2. The trial court did not err by failing to order a competency hearing.
a. Additional facts.
On December 31, 2001, Athans changed his plea to not guilty by reason of insanity and a psychiatrist was appointed to examine him and report his findings. Athans subsequently withdrew his plea and the psychiatric appointment was accordingly set aside.
Kimberly M. testified on Friday, February 22, 2002. While Kimberly was testifying during the Evidence Code section 402 hearing, Athans made several disruptive and rude comments to her, despite the trial courts repeated admonitions. When Kimberly testified that Athans had lunged toward her, Athans interjected, "Thats a lie." When she stated that he choked her, he exclaimed, "Youre a God damn liar. I never laid a hand on you, and you know it" and "I didnt lay a hand on you." He also called Kimberly a "fucking liar." When Kimberly stated she screamed for help, Athans stated, "Do me [a] favor. Beat the shit out of that bitch on her way out. Lying sack of shit." Athans was at that point excluded from the hearing.
Athans was allowed back in the courtroom for the attorneys arguments regarding the admissibility of Kimberly M.s testimony. Athans indicated he understood he would be excluded if he continued to have outbursts. Athans was silent while the attorneys argued. When the trial court ruled Kimberlys testimony was admissible, it also admonished Athans to refrain from outbursts. Athans stated, "This is a sad day. A very sad day."

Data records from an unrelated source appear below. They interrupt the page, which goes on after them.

text \<open>Continuity of the push-forward at \<open>\<mu>\<close>: take a coupling of \<open>\<mu>, \<nu>\<close> of cost \<open>< \<delta>\<^sup>p\<close> and push it
  forward; by the cost splitting its cost becomes \<open>< e\<^sup>p\<close>.\<close>
lemma push_continuous:
  fixes f :: "'a::metric_space \<Rightarrow> 'a"
  assumes P: "proper_space TYPE('a)" and f: "continuous_on UNIV f"
    and growth: "\<And>x. dist (f x) x0 \<le> C * (1 + dist x x0)" and C: "0 \<le> C"
    and p: "0 < p" and mu: "\<mu> \<in> Pp p x0" and e: "0 < e"
  shows "\<exists>d>0. \<forall>\<nu>\<in>Pp p x0. wasserstein p \<mu> \<nu> < d \<longrightarrow>
           wasserstein p (distr \<mu> borel f) (distr \<nu> borel f) < e"
proof -
  have fm: "f \<in> borel_measurable borel" using f by (rule borel_measurable_continuous_onI)
  define \<eta> where "\<eta> = e powr p / 3"
  have \<eta>: "0 < \<eta>" unfolding \<eta>_def using e by simp
  obtain T K where T: "T \<in> borel_measurable borel" "\<And>x. 0 \<le> T x"
    and T_small: "(\<integral>\<^sup>+ x. ennreal (T x) \<partial>\<mu>) < ennreal \<eta>" and K: "0 \<le> K"
    and pointwise: "\<And>x y. dist (f x) (f y) powr p \<le> \<eta> + T x + K * dist x y powr p"
    using push_cost_split[OF P f growth C p mu \<eta>] by blast
  define \<delta> where "\<delta> = (\<eta> / (K + 1)) powr (1 / p)"
  have \<delta>: "0 < \<delta>" unfolding \<delta>_def using \<eta> K by simp
  have "K * \<delta> powr p = \<eta> * (K / (K + 1))"
    unfolding \<delta>_def using \<eta> K p by (simp add: powr_powr)
  also have "\<dots> \<le> \<eta>" using \<eta> K by (simp add: divide_le_eq)
  finally have K\<delta>: "K * \<delta> powr p \<le> \<eta>" .
  show ?thesis
  proof (intro exI[of _ \<delta>] conjI ballI impI \<delta>)
    fix \<nu> assume nu: "\<nu> \<in> Pp p x0" and close: "wasserstein p \<mu> \<nu> < \<delta>"
    obtain \<pi> where pi: "\<pi> \<in> couplings \<mu> \<nu>" and cost: "transport_cost p \<pi> < ennreal (\<delta> powr p)"
      using close wasserstein_less_iff[OF P mu nu p \<delta>] by blast
    have "transport_cost p (distr \<pi> borel (map_prod f f))
          \<le> ennreal \<eta> + (\<integral>\<^sup>+ x. ennreal (T x) \<partial>\<mu>) + ennreal K * transport_cost p \<pi>"
      using push_transport_cost_le[OF f pi T K] \<eta> pointwise by simp
    also have "\<dots> < ennreal (e powr p)"
    proof -
      obtain a where a: "(\<integral>\<^sup>+ x. ennreal (T x) \<partial>\<mu>) = ennreal a" "0 \<le> a" "a < \<eta>"
        using T_small by (cases "\<integral>\<^sup>+ x. ennreal (T x) \<partial>\<mu>") (auto simp: ennreal_less_iff)
      obtain b where b: "transport_cost p \<pi> = ennreal b" "0 \<le> b" "b < \<delta> powr p"
        using cost by (cases "transport_cost p \<pi>") (auto simp: ennreal_less_iff)
      have "K * b \<le> \<eta>" using K b K\<delta> by (meson mult_left_mono order.strict_implies_order order_trans)
      then have "\<eta> + a + K * b < e powr p" using a unfolding \<eta>_def by simp
      then have "ennreal (\<eta> + a + K * b) < ennreal (e powr p)" using e by (intro ennreal_lessI) auto
      then show ?thesis using a b K \<eta> by (simp add: ennreal_mult)
    qed
    finally have "transport_cost p (distr \<pi> borel (map_prod f f)) < ennreal (e powr p)" .
    moreover have "distr \<mu> borel f \<in> Pp p x0" "distr \<nu> borel f \<in> Pp p x0"
      using distr_Pp_if_affine_growth[OF fm growth C p] mu nu by auto
    ultimately show "wasserstein p (distr \<mu> borel f) (distr \<nu> borel f) < e"
      using wasserstein_less_iff[OF P _ _ p e] push_coupling(1)[OF f pi] by blast
  qed
qed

Defense counsel was allowed a brief recess to speak with Athans. Counsel then informed the court, "Its my feeling, talking to Mr. Athans, he is completely irrational. He is incapable of cooperating or aiding counsel at this time. [¶] I think hes had a mental breakdown because of this testimony. Hes completely irrational. He is having mental problems at this time. I cant even communicate with him. [¶] So I dont see how I can continue to represent him with the state hes in right now." Defense counsel asked the trial court to declare a mistrial and refer Athans for mental observation. The trial court denied the request.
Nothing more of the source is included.